Segment Start: EXERCISE MATERIALS

lemma nn_integral_gaussian_proj_bit0_orthogonal:
  fixes Om :: "real^'n::finite^'n" and f :: "real^'n \<Rightarrow> ennreal"
  assumes Om: "orthogonal_matrix Om" and [measurable]: "f \<in> borel_measurable borel"
  shows "(\<integral>\<^sup>+z. f (Om *v proj_bit0 z) \<partial>gaussian) = (\<integral>\<^sup>+z. f (proj_bit0 z) \<partial>gaussian)"
proof -
  have "orthogonal_transformation (\<lambda>x. Om *v x)"
    using Om by (simp add: orthogonal_transformation_matrix matrix_of_matrix_vector_mul)
  then have Om_inner: "(Om *v x) \<bullet> (Om *v y) = x \<bullet> y" for x y
    by (simp add: orthogonal_transformation_def)
  \<comment> \<open>rotate the embedded copy of \<open>\<real>\<^sup>n\<close> by \<open>Om\<close> and fix the remaining coordinates\<close>
  define T :: "real^('n bit0) \<Rightarrow> real^('n bit0)" where
    "T z = (\<chi> k. if k \<in> range into_bit0 then (Om *v proj_bit0 z) $ (inv into_bit0 k) else z $ k)" for z
  have proj_T: "proj_bit0 (T z) = Om *v proj_bit0 z" for z
    by (simp add: vec_eq_iff T_def inv_f_f[OF inj_into_bit0])
  have T_outside: "k \<notin> range into_bit0 \<Longrightarrow> T z $ k = z $ k" for z k
    by (simp add: T_def)
  have proj_add: "proj_bit0 (x + y) = proj_bit0 x + proj_bit0 y" for x y
    by (simp add: vec_eq_iff)
  have proj_scale: "proj_bit0 (c *\<^sub>R x) = c *\<^sub>R proj_bit0 x" for c x
    by (simp add: vec_eq_iff)
  have "linear T"
    by (rule linearI)
       (simp_all add: T_def vec_eq_iff proj_add proj_scale matrix_vector_right_distrib
         matrix_vector_mult_scaleR)
  moreover have "T v \<bullet> T w = v \<bullet> w" for v w
  proof -
    have split: "x \<bullet> y = proj_bit0 x \<bullet> proj_bit0 y + (\<Sum>k\<in>- range into_bit0. x $ k * y $ k)"
      for x y :: "real^('n bit0)"
      unfolding inner_vec_def by (subst sum_UNIV_bit0) simp
    show ?thesis
      unfolding split[of "T v"] split[of v] by (simp add: proj_T Om_inner T_outside)
  qed
  ultimately have "orthogonal_transformation T" by (simp add: orthogonal_transformation_def)
  then have "(\<integral>\<^sup>+z. (f \<circ> proj_bit0) (T z) \<partial>gaussian) = (\<integral>\<^sup>+z. (f \<circ> proj_bit0) z \<partial>gaussian)"
    by (rule nn_integral_gaussian_orthogonal_transformation) measurable
  then show ?thesis by (simp add: proj_T)
qed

Segment End: EXERCISE MATERIALS

Wherever the string "partial" occurs in the records above, copy that line.

TASK RESPONSE -
  shows "(\<integral>\<^sup>+z. f (Om *v proj_bit0 z) \<partial>gaussian) = (\<integral>\<^sup>+z. f (proj_bit0 z) \<partial>gaussian)"
  then have "(\<integral>\<^sup>+z. (f \<circ> proj_bit0) (T z) \<partial>gaussian) = (\<integral>\<^sup>+z. (f \<circ> proj_bit0) z \<partial>gaussian)"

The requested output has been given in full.